The government of Turkmenistan announced in 2010 that as a major economic initiative, it planned to place a satellite in orbit to provide communication throughout the country. A prime spot for this satellite was the orbital slot located at the 23° East longitude position, controlled by an American satellite communication firm. However, Turkmenistan did not want to do business with a small, foreign company, with no track record of success. Our client, AMG Trading, had a strong relationship with the government of Turkmenistan and knowledge of the satellite industry, and agreed to back the American firm.

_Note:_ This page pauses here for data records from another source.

lemma solves_lyap_eq_lyap_solution:
  assumes "d \<ge> 1" "\<nu> > 0" "solves_lyap d b \<gamma> \<nu> W" "j \<le> d" "k \<le> d" "t \<ge> 0"
  shows "W t j k = lyap_solution d b \<gamma> \<nu> t j k"
  using assms(4-6)
proof (induction "j + k" arbitrary: j k t rule: less_induct)
  case less
  have forcing_eq: "lyap_forcing d b \<gamma> (W \<tau>) j k = lyap_forcing d b \<gamma> (lyap_solution d b \<gamma> \<nu> \<tau>) j k"
    if "\<tau> \<ge> 0" for \<tau>
  proof -
    have "W \<tau> (j - 1) k = lyap_solution d b \<gamma> \<nu> \<tau> (j - 1) k" if "j \<noteq> 0"
      using less.hyps[of "j - 1" k \<tau>] less.prems \<open>\<tau> \<ge> 0\<close> that by simp
    moreover have "W \<tau> j (k - 1) = lyap_solution d b \<gamma> \<nu> \<tau> j (k - 1)" if "k \<noteq> 0"
      using less.hyps[of j "k - 1" \<tau>] less.prems \<open>\<tau> \<ge> 0\<close> that by simp
    ultimately show ?thesis by (simp add: lyap_forcing_def cong: if_cong)
  qed
  have W_deriv: "((\<lambda>\<tau>. W \<tau> j k) has_real_derivative
      - 2 * \<nu> * W \<tau> j k + lyap_forcing d b \<gamma> (W \<tau>) j k) (at \<tau> within {0..})" if "\<tau> \<ge> 0" for \<tau>
  proof -
    have "((\<lambda>\<tau>. W \<tau> j k) has_real_derivative (\<Sum>l\<le>d. AQ d b \<gamma> \<nu> j l * W \<tau> l k)
        + (\<Sum>l\<le>d. W \<tau> j l * AQ d b \<gamma> \<nu> k l) + BBT j k) (at \<tau> within {0..})"
      using assms(3) less.prems(1,2) that unfolding solves_lyap_def by blast
    then show ?thesis unfolding lyap_rhs_eq[OF assms(1) less.prems(1,2)] .
  qed
  have "((\<lambda>\<tau>. W \<tau> j k - lyap_solution d b \<gamma> \<nu> \<tau> j k) has_real_derivative
      - 2 * \<nu> * (W \<tau> j k - lyap_solution d b \<gamma> \<nu> \<tau> j k)) (at \<tau> within {0..})" if "\<tau> \<ge> 0" for \<tau>
    using DERIV_diff[OF W_deriv[OF that] has_field_derivative_at_within[OF
        has_real_derivative_lyap_solution[OF assms(1,2) less.prems(1,2), where b=b and \<gamma>=\<gamma>]]]
      forcing_eq[OF that]
    by (simp add: algebra_simps)
  moreover have "W 0 j k - lyap_solution d b \<gamma> \<nu> 0 j k = 0"
    using assms(3) less.prems by (simp add: solves_lyap_def lyap_solution_def lyap_profile_def)
  ultimately have "W t j k - lyap_solution d b \<gamma> \<nu> t j k = 0"
    using linear_ode_zero[of "\<lambda>\<tau>. W \<tau> j k - lyap_solution d b \<gamma> \<nu> \<tau> j k"] less.prems by blast
  then show ?case by simp
qed

lemma laplace_is_lyap_entry:
  assumes "d \<ge> 1" "\<nu> > 0" "solves_lyap d b \<gamma> \<nu> W" "j \<le> d" "k \<le> d" "Re s > 0"
  shows "laplace_is (\<lambda>t. W t j k) s (of_real (gram_coeff d b j k) / (s * (s + 2 * of_real \<nu>))
    * (of_real \<gamma> / (s + 2 * of_real \<nu>)) ^ (j + k))"
proof -
  define n where "n = j + k"
  define c where "c = gram_coeff d b j k * (\<gamma> ^ n / (2 * \<nu>) ^ Suc n)"
  define q where "q = s + 2 * of_real \<nu>"
  have "s \<noteq> 0" "q \<noteq> 0"
    using assms(2,6) by (auto simp: q_def complex_eq_iff)
  have "c * (2 * \<nu>) ^ Suc n = gram_coeff d b j k * \<gamma> ^ n"
    using assms(2) by (simp add: c_def)
  then have "of_real c * of_real (2 * \<nu>) ^ Suc n = of_real (gram_coeff d b j k) * (of_real \<gamma> ^ n :: complex)"
    by (metis of_real_mult of_real_power)
  then have "of_real c * (of_real (2 * \<nu>) ^ Suc n / (s * q ^ Suc n))
      = of_real (gram_coeff d b j k) / (s * q) * (of_real \<gamma> / q) ^ n"
    using \<open>s \<noteq> 0\<close> \<open>q \<noteq> 0\<close> by (simp add: power_divide field_simps)
  then have transform_eq: "of_real c * (of_real (2 * \<nu>) ^ Suc n / (s * (s + of_real (2 * \<nu>)) ^ Suc n))
    = of_real (gram_coeff d b j k) / (s * (s + 2 * of_real \<nu>)) * (of_real \<gamma> / (s + 2 * of_real \<nu>)) ^ n"
    by (simp add: q_def)
  have "laplace_is (\<lambda>t. c * erlang_cdf (2 * \<nu>) n t) s
      (of_real c * (of_real (2 * \<nu>) ^ Suc n / (s * (s + of_real (2 * \<nu>)) ^ Suc n)))"
    using assms by (intro laplace_is_cmult laplace_is_erlang_cdf) auto
  moreover have "W t j k = c * erlang_cdf (2 * \<nu>) n t" if "t \<ge> 0" for t
    using solves_lyap_eq_lyap_solution[OF assms(1-5) that]
    by (simp add: lyap_solution_def lyap_profile_def n_def c_def)
  ultimately have "laplace_is (\<lambda>t. W t j k) s
      (of_real c * (of_real (2 * \<nu>) ^ Suc n / (s * (s + of_real (2 * \<nu>)) ^ Suc n)))"
    by (subst laplace_is_cong)
  then show ?thesis
    unfolding n_def[symmetric] transform_eq .
qed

Our client then acquired the exclusive rights to negotiate the use of the 23° East position with Turkmenistan. But, as evidence at trial established, no sooner was the ink dry on the agreement, than the American firm and its principal owner reneged on the deal, and over the next several months conspired with others to put into place their own deal with Turkmenistan. The firm and its principal owner concealed those efforts from AMG Trading which reached a tentative agreement with the government over the use of the rights. Frustrated with the American firm’s conduct, Turkmenistan ultimately decided to contract with different parties for a different orbital slot.

Our team convinced the jurors to award our client what it would have realized in lost profits, combined with compensatory damages, totaling nearly $22 million. The jurors also awarded attorneys’ fees to our clients under the Connecticut Unfair Trade Practices Act.